P-spot (for prostate), a.k.a. the male G-spot: The area of the prostate gland that can be felt and stimulated through the top, belly-side wall of the rectum by inserting a finger, fingers, penis or anal sex toy a few inches inside and pressing toward the navel or the back of the pubic bone. (More indirect stimulation of the gland can be achieved by pressing up on the perineum.) Some men find this stimulation incredibly pleasurable, some find that it intensifies orgasm, and some find it downright uncomfortable. However, we suspect some of this discomfort is psychological in nature, as many hetero, cis men (mistakenly) feel that penetration is either too girly, too gay, or too unhygienic. Or else they’re just not doing it right – to do it right, click here.

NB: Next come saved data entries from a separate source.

(* Let $p$ be a prime and $d\ge0$ an integer. If $S_1,S_2\subseteq{\mathbb N}$ are both $p$-normal of order $\le d$, then $S_1\cap S_2$ is $p$-normal of order $\le d$.
   Context: ${\mathbb N}=\{0,1,2,\dots\}$. An infinite arithmetic progression is $m+n{\mathbb N}$ with $m\in{\mathbb N}$, $n\ge1$. Let $q$ be a power of $p$. For $r\ge1$ and $c_0,\dots,c_r\in{\mathbb Q}$ with $(q-1)c_i\in{\mathbb Z}$, $c_0+\cdots+c_r\in{\mathbb Z}$, $c_i\ne0$ for $1\le i\le r$ and $c_i>0$ for some $1\le i\le r$, the set $S_q(c_0;c_1,\dots,c_r)=\{c_0+\sum_{i=1}^rc_iq^{k_i}\mid k_i\in{\mathbb N}\}\cap{\mathbb N}$ is an elementary $p$-nested set of order $r$. A $p$-nested set of order $\le k$ is the union of a finite set and finitely many elementary $p$-nested sets (possibly for different powers $q$ of $p$) of orders $\le k$. A set $S\subseteq{\mathbb N}$ is $p$-normal of order $\le k$ if there are a $p$-nested set $B$ of order $\le k$ and finitely many infinite arithmetic progressions $A_1,\dots,A_s$ such that $S$ and $B\cup A_1\cup\cdots\cup A_s$ have finite symmetric difference. *)

theory Defs
  imports Complex_Main "HOL-Computational_Algebra.Primes"
begin

definition Sq :: "nat \<Rightarrow> nat \<Rightarrow> (nat \<Rightarrow> rat) \<Rightarrow> nat set" where
  "Sq q r c = {n::nat. \<exists>ks::nat \<Rightarrow> nat.
      of_nat n = c 0 + (\<Sum>i=1..r. c i * of_nat q ^ ks i)}"

definition elem_p_nested :: "nat \<Rightarrow> nat \<Rightarrow> nat set \<Rightarrow> bool" where
  "elem_p_nested p r S \<longleftrightarrow> (\<exists>e q c. e \<ge> 1 \<and> q = p ^ e \<and> r \<ge> 1 \<and>
      (\<forall>i\<in>{0..r}. (of_nat q - 1) * c i \<in> \<int>) \<and>
      (\<Sum>i=0..r. c i) \<in> \<int> \<and>
      (\<forall>i\<in>{1..r}. c i \<noteq> 0) \<and>
      (\<exists>i\<in>{1..r}. c i > 0) \<and>
      S = Sq q r c)"

definition p_nested :: "nat \<Rightarrow> nat \<Rightarrow> nat set \<Rightarrow> bool" where
  "p_nested p k B \<longleftrightarrow> (\<exists>F Ss. finite F \<and> finite Ss \<and>
      (\<forall>S\<in>Ss. \<exists>r\<le>k. elem_p_nested p r S) \<and> B = F \<union> \<Union>Ss)"

definition inf_arith_prog :: "nat set \<Rightarrow> bool" where
  "inf_arith_prog A \<longleftrightarrow> (\<exists>m n. n \<ge> 1 \<and> A = {m + n * j | j. True})"

definition p_normal :: "nat \<Rightarrow> nat \<Rightarrow> nat set \<Rightarrow> bool" where
  "p_normal p k S \<longleftrightarrow> (\<exists>B As. p_nested p k B \<and> finite As \<and>
      (\<forall>A\<in>As. inf_arith_prog A) \<and>
      finite ((S - (B \<union> \<Union>As)) \<union> ((B \<union> \<Union>As) - S)))"

end

theory Submission
  imports Defs "HOL-Library.FuncSet"
begin

text \<open>An element of the intersection of two sets \<open>S\<^sub>q\<close> over a common base \<open>q\<close> yields a solution of an
  equation \<open>e0 + \<Sum>e i * q ^ x i = 0\<close>.  Its solutions follow finitely many patterns: the terms split
  into fixed terms and clusters of vanishing sum whose exponents move together (induction on the
  number of terms, removing one of minimal exponent).  Along each pattern the first representation
  becomes a set \<open>S\<^sub>q\<close> with one coefficient per cluster, hence with no more terms, so \<open>p\<close>-nested sets
  of order \<open>\<le> d\<close> are closed under intersection; different bases \<open>p ^ e1\<close>, \<open>p ^ e2\<close> are first
  rewritten over \<open>p ^ (e1 * e2)\<close>.  A \<open>p\<close>-nested set meets a progression \<open>m + n\<nat>\<close> in a
  \<open>p\<close>-nested set up to finitely many elements: splitting the exponents along an eventual period
  of \<open>q ^ k mod (q - 1) * n\<close> cuts \<open>S\<^sub>q\<close> into pieces each lying in one residue class modulo \<open>n\<close>.
  Since two progressions meet in a progression or not at all, distributing
  \<open>(B\<^sub>1 \<union> \<Union>As\<^sub>1) \<inter> (B\<^sub>2 \<union> \<Union>As\<^sub>2)\<close> proves the theorem.\<close>

section \<open>Sets \<open>S\<^sub>q\<close> over arbitrary index sets\<close>

text \<open>\<open>Sq_on q J c0 c\<close> is \<open>S\<^sub>q(c0; c)\<close> with coefficients indexed by any set \<open>J\<close>; unlike in
  \<^const>\<open>elem_p_nested\<close>, coefficients may vanish and none need be positive.\<close>

definition Sq_on :: "nat \<Rightarrow> 'j set \<Rightarrow> rat \<Rightarrow> ('j \<Rightarrow> rat) \<Rightarrow> nat set" where
  "Sq_on q J c0 c = {n. \<exists>k::'j \<Rightarrow> nat. of_nat n = c0 + (\<Sum>j\<in>J. c j * of_nat q ^ k j)}"

definition admissible :: "nat \<Rightarrow> 'j set \<Rightarrow> rat \<Rightarrow> ('j \<Rightarrow> rat) \<Rightarrow> bool" where
  "admissible q J c0 c \<longleftrightarrow> (\<forall>j\<in>J. (of_nat q - 1) * c j \<in> \<int>) \<and> c0 + sum c J \<in> \<int>"

lemma Sq_eq_Sq_on: "Sq q r c = Sq_on q {1..r} (c 0) c"
  by (simp add: Sq_def Sq_on_def)

lemma Sq_on_cong:
  assumes "\<And>k. (\<Sum>j\<in>J. c j * of_nat q ^ k j) = (\<Sum>j\<in>J'. c' j * of_nat q ^ k j)"
  shows "Sq_on q J c0 c = Sq_on q J' c0 c'"
  using assms by (simp add: Sq_on_def)

lemma Sq_on_reindex:
  assumes "bij_betw g K J"
  shows "Sq_on q J c0 c = Sq_on q K c0 (c \<circ> g)"
proof (intro set_eqI iffI)
  fix n assume "n \<in> Sq_on q J c0 c"
  then obtain k where "of_nat n = c0 + (\<Sum>j\<in>J. c j * of_nat q ^ k j)"
    by (auto simp: Sq_on_def)
  moreover have "(\<Sum>j\<in>J. c j * of_nat q ^ k j) = (\<Sum>i\<in>K. (c \<circ> g) i * of_nat q ^ (k \<circ> g) i)"
    using sum.reindex_bij_betw[OF assms, of "\<lambda>j. c j * of_nat q ^ k j"] by simp
  ultimately show "n \<in> Sq_on q K c0 (c \<circ> g)"
    unfolding Sq_on_def by (intro CollectI exI[of _ "k \<circ> g"]) simp
next
  fix n assume "n \<in> Sq_on q K c0 (c \<circ> g)"
  then obtain k where "of_nat n = c0 + (\<Sum>i\<in>K. (c \<circ> g) i * of_nat q ^ k i)"
    by (auto simp: Sq_on_def)
  moreover have "(\<Sum>i\<in>K. (c \<circ> g) i * of_nat q ^ k i) =
      (\<Sum>j\<in>J. c j * of_nat q ^ k (inv_into K g j))"
    using sum.reindex_bij_betw[OF assms, of "\<lambda>j. c j * of_nat q ^ k (inv_into K g j)"]
    by (simp add: bij_betw_inv_into_left[OF assms])
  ultimately show "n \<in> Sq_on q J c0 c"
    unfolding Sq_on_def by (intro CollectI exI[of _ "\<lambda>j. k (inv_into K g j)"]) simp
qed

lemma Sq_on_nonzero_coeffs:
  assumes "finite J"
  shows "Sq_on q J c0 c = Sq_on q {j\<in>J. c j \<noteq> 0} c0 c"
  by (rule Sq_on_cong, rule sum.mono_neutral_right) (use assms in auto)

lemma Sq_on_nonpos_coeffs_finite:
  assumes "\<forall>j\<in>J. c j \<le> 0"
  shows "finite (Sq_on q J c0 c)"
proof (rule finite_subset)
  show "Sq_on q J c0 c \<subseteq> {..nat \<lceil>c0\<rceil>}"
  proof
    fix n assume "n \<in> Sq_on q J c0 c"
    then obtain k where n: "of_nat n = c0 + (\<Sum>j\<in>J. c j * of_nat q ^ k j)"
      by (auto simp: Sq_on_def)
    have "(\<Sum>j\<in>J. c j * of_nat q ^ k j) \<le> 0"
      using assms by (intro sum_nonpos) (simp add: mult_nonpos_nonneg)
    then have "of_int (int n) \<le> c0"
      using n by simp
    then show "n \<in> {..nat \<lceil>c0\<rceil>}"
      by (simp add: le_nat_iff le_ceiling_iff)
  qed
qed simp

lemma power_shift_Ints:
  fixes a :: "'a::comm_ring_1"
  assumes "(of_nat q - 1) * a \<in> \<int>"
  shows "a * of_nat q ^ k - a \<in> \<int>"
proof -
  have "a * of_nat q ^ k - a = a * (of_nat q ^ k - 1)"
    by (simp add: algebra_simps)
  also have "\<dots> = ((of_nat q - 1) * a) * (\<Sum>i<k. of_nat q ^ i)"
    by (simp only: power_diff_1_eq) (simp add: algebra_simps)
  also have "\<dots> \<in> \<int>"
    by (rule Ints_mult[OF assms Ints_sum]) auto
  finally show ?thesis .
qed

lemma admissible_value_Ints:
  assumes "admissible q J c0 c"
  shows "c0 + (\<Sum>j\<in>J. c j * of_nat q ^ k j) \<in> \<int>"
proof -
  have "c0 + (\<Sum>j\<in>J. c j * of_nat q ^ k j) = (c0 + sum c J) + (\<Sum>j\<in>J. c j * of_nat q ^ k j - c j)"
    by (simp add: sum_subtractf)
  also have "\<dots> \<in> \<int>"
  proof (rule Ints_add)
    show "c0 + sum c J \<in> \<int>"
      using assms by (simp add: admissible_def)
    show "(\<Sum>j\<in>J. c j * of_nat q ^ k j - c j) \<in> \<int>"
      using assms by (intro Ints_sum power_shift_Ints) (simp add: admissible_def)
  qed
  finally show ?thesis .
qed

lemma admissible_const_Ints:
  assumes "admissible q J c0 c" "finite J"
  shows "(of_nat q - 1) * c0 \<in> \<int>"
proof -
  have "(of_nat q - 1) * c0 = (of_nat q - 1) * (c0 + sum c J) - (\<Sum>j\<in>J. (of_nat q - 1) * c j)"
    using sum_distrib_left[of "of_nat q - 1" c J, symmetric] by (simp add: algebra_simps)
  also have "\<dots> \<in> \<int>"
  proof (rule Ints_diff)
    show "(of_nat q - 1) * (c0 + sum c J) \<in> \<int>"
      using assms(1) by (intro Ints_mult) (auto simp: admissible_def)
    show "(\<Sum>j\<in>J. (of_nat q - 1) * c j) \<in> \<int>"
      using assms(1) by (intro Ints_sum) (simp add: admissible_def)
  qed
  finally show ?thesis .
qed

lemma admissible_nonzero_coeffs:
  assumes "admissible q J c0 c" "finite J"
  shows "admissible q {j\<in>J. c j \<noteq> 0} c0 c"
proof -
  have "sum c J = sum c {j\<in>J. c j \<noteq> 0}"
    by (rule sum.mono_neutral_right) (use assms(2) in auto)
  then show ?thesis
    using assms(1) by (simp add: admissible_def)
qed

lemma p_nested_finite: "finite F \<Longrightarrow> p_nested p k F"
  unfolding p_nested_def by (intro exI[of _ F] exI[of _ "{}"]) auto

lemma p_nested_elem: "elem_p_nested p r S \<Longrightarrow> r \<le> k \<Longrightarrow> p_nested p k S"
  unfolding p_nested_def by (intro exI[of _ "{}"] exI[of _ "{S}"]) auto

lemma p_nested_Un:
  assumes "p_nested p k A" "p_nested p k B"
  shows "p_nested p k (A \<union> B)"
proof -
  from assms obtain F1 Ss1 F2 Ss2 where
    "finite F1" "finite Ss1" "\<forall>S\<in>Ss1. \<exists>r\<le>k. elem_p_nested p r S" "A = F1 \<union> \<Union>Ss1"
    "finite F2" "finite Ss2" "\<forall>S\<in>Ss2. \<exists>r\<le>k. elem_p_nested p r S" "B = F2 \<union> \<Union>Ss2"
    unfolding p_nested_def by metis
  then show ?thesis
    unfolding p_nested_def by (intro exI[of _ "F1 \<union> F2"] exI[of _ "Ss1 \<union> Ss2"]) auto
qed

lemma p_nested_Union:
  assumes "finite X" "\<And>A. A \<in> X \<Longrightarrow> p_nested p k A"
  shows "p_nested p k (\<Union>X)"
  using assms by (induction X rule: finite_induct) (auto simp: p_nested_finite p_nested_Un)

lemma p_nested_Int_if_elem_Int:
  assumes "p_nested p k B" "\<And>S r. elem_p_nested p r S \<Longrightarrow> r \<le> k \<Longrightarrow> p_nested p k (S \<inter> X)"
  shows "p_nested p k (B \<inter> X)"
proof -
  obtain F Ss where B: "finite F" "finite Ss" "\<forall>S\<in>Ss. \<exists>r\<le>k. elem_p_nested p r S" "B = F \<union> \<Union>Ss"
    using assms(1) unfolding p_nested_def by blast
  have "B \<inter> X = (F \<inter> X) \<union> \<Union>((\<lambda>S. S \<inter> X) ` Ss)"
    using B(4) by auto
  also have "p_nested p k \<dots>"
  proof (rule p_nested_Un)
    show "p_nested p k (F \<inter> X)"
      using B(1) by (simp add: p_nested_finite)
    show "p_nested p k (\<Union>((\<lambda>S. S \<inter> X) ` Ss))"
      using B(2,3) assms(2) by (intro p_nested_Union) auto
  qed
  finally show ?thesis .
qed

lemma elem_p_nested_Sq_on:
  assumes "elem_p_nested p r S"
  obtains e c where "e \<ge> 1" "r \<ge> 1" "admissible (p ^ e) {1..r} (c 0) c"
    "S = Sq_on (p ^ e) {1..r} (c 0) c"
proof -
  from assms obtain e c where c: "e \<ge> 1" "r \<ge> 1"
      "\<forall>i\<in>{0..r}. (of_nat (p ^ e) - 1) * c i \<in> \<int>" "(\<Sum>i=0..r. c i) \<in> \<int>" "S = Sq (p ^ e) r c"
    unfolding elem_p_nested_def by blast
  have "(\<Sum>i=0..r. c i) = c 0 + sum c {1..r}"
    by (simp add: sum.atLeast_Suc_atMost)
  with c have "admissible (p ^ e) {1..r} (c 0) c"
    unfolding admissible_def by auto
  with c show thesis
    using that by (simp add: Sq_eq_Sq_on)
qed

testicles & scrotum (a.k.a. the male labia): Analogous to the egg- and estrogen-producing ovaries in female sexual anatomy, the testicles are the two reproductive organs which produce sperm and male hormones (like testosterone). The “balls” are housed in the scrotum or scrotal sack, the male equivalent of outer labia (both develop from the same early embryonic tissue), which hang down outside the body (behind the flaccid penis) and may similarly enjoy gentle stroking. Gently pulling the testicles away from the body during arousal may help delay ejaculation.
perineum: The perineum is the short bridge of tissue between the back of the testicles and the anus. Also known universally as the “taint” (it ain’t the balls and it ain’t the asshole). Massage and pressure of the perineum can indirectly stimulate the prostate gland.

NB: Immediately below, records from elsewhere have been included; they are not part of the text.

lemma finite_ball1: "finite (ball1 j r)"
proof -
  have "ball1 j r \<subseteq> (\<lambda>v. v + j) ` ibox \<lceil>r\<rceil>"
  proof
    fix k assume "k \<in> ball1 j r"
    hence "norm1 (k - j) \<le> \<lceil>r\<rceil>" by (simp add: ball1_def) linarith
    hence "k - j \<in> ibox \<lceil>r\<rceil>" using comp_le_norm1[of "k - j"] by (auto simp: ibox_def intro: order_trans)
    thus "k \<in> (\<lambda>v. v + j) ` ibox \<lceil>r\<rceil>" by (intro image_eqI[of _ _ "k - j"]) auto
  qed
  thus ?thesis by (meson finite_ibox finite_imageI finite_subset)
qed

text \<open>A bound on the coordinates of points of \<open>B\<^sub>p\<close>: they are convex combinations
  of sums of periods with coefficients in \<open>[0,1)\<close>.\<close>
definition Rb :: "('d::finite \<Rightarrow> 'd site) \<Rightarrow> int" where
  "Rb p = (\<Sum>m\<in>UNIV. \<Sum>i\<in>UNIV. \<bar>p m $ i\<bar>)"

lemma Bp_ibox:
  fixes p :: "'d::finite \<Rightarrow> 'd site"
  shows "Bp p \<subseteq> ibox (Rb p)"
proof
  fix k assume "k \<in> Bp p"
  then obtain t :: "real^'d" where t: "\<forall>j. 0 \<le> t $ j \<and> t $ j < 1"
    "realv k = (\<Sum>j\<in>UNIV. t $ j *\<^sub>R realv (p j))" unfolding Bp_def by blast
  show "k \<in> ibox (Rb p)" unfolding ibox_def
  proof (intro CollectI allI)
    fix i
    have "real_of_int (k $ i) = (\<Sum>j\<in>UNIV. t $ j * real_of_int (p j $ i))"
      using arg_cong[OF t(2), of "\<lambda>v. v $ i"] by (simp add: realv_def sum_component)
    hence "\<bar>real_of_int (k $ i)\<bar> \<le> (\<Sum>j\<in>UNIV. \<bar>t $ j * real_of_int (p j $ i)\<bar>)"
      by (simp add: sum_abs)
    also have "\<dots> \<le> (\<Sum>j\<in>UNIV. real_of_int \<bar>p j $ i\<bar>)"
    proof (rule sum_mono)
      fix j
      have "\<bar>t $ j\<bar> \<le> 1" using t(1) by (simp add: abs_le_iff) (meson less_le_not_le order_trans)
      thus "\<bar>t $ j * real_of_int (p j $ i)\<bar> \<le> real_of_int \<bar>p j $ i\<bar>"
        by (simp add: abs_mult mult_left_le_one_le)
    qed
    also have "\<dots> \<le> real_of_int (Rb p)"
    proof -
      have "(\<Sum>j\<in>UNIV. \<bar>p j $ i\<bar>) \<le> Rb p"
        unfolding Rb_def by (intro sum_mono member_le_sum) auto
      hence "real_of_int (\<Sum>j\<in>UNIV. \<bar>p j $ i\<bar>) \<le> real_of_int (Rb p)" by linarith
      thus ?thesis by simp
    qed
    finally show "\<bar>k $ i\<bar> \<le> Rb p" by simp
  qed
qed

lemma finite_Bp: "finite (Bp p)"
  using Bp_ibox finite_ibox finite_subset by blast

anus & rectum: The rectum is the S-shaped tube that serves as the passage way for poo between the intestine and the final exit, the anus. This nerve-rich orifice – which consists of two, fairly snug, ring-like sphincter muscles – is surrounded on all sides by one layer of the pelvic floor muscles, which also surround the other sexual structures. And the prostate gland can be stimulated a few inches inside the anus via the front rectal wall. Thus, it makes sense that the anal area can be an integral part of male genital pleasure and even orgasm. (For more important info on proper stimulation and penetration, click here.)
pelvic floor muscles: A series of muscles stretching from the pubic bone to the tailbone and running between, around and beneath the various sexual structures which, if strong and healthy, provide A) support to these structures and other internal organs, B) urinary and fecal continence, and C) sexual pleasure: they contract in response to sexual stimulation, causing sexual tension, which may eventually get released during the involuntary contractions of orgasm. (To ensure yours are strong and healthy, see this info on Kegel exercises.)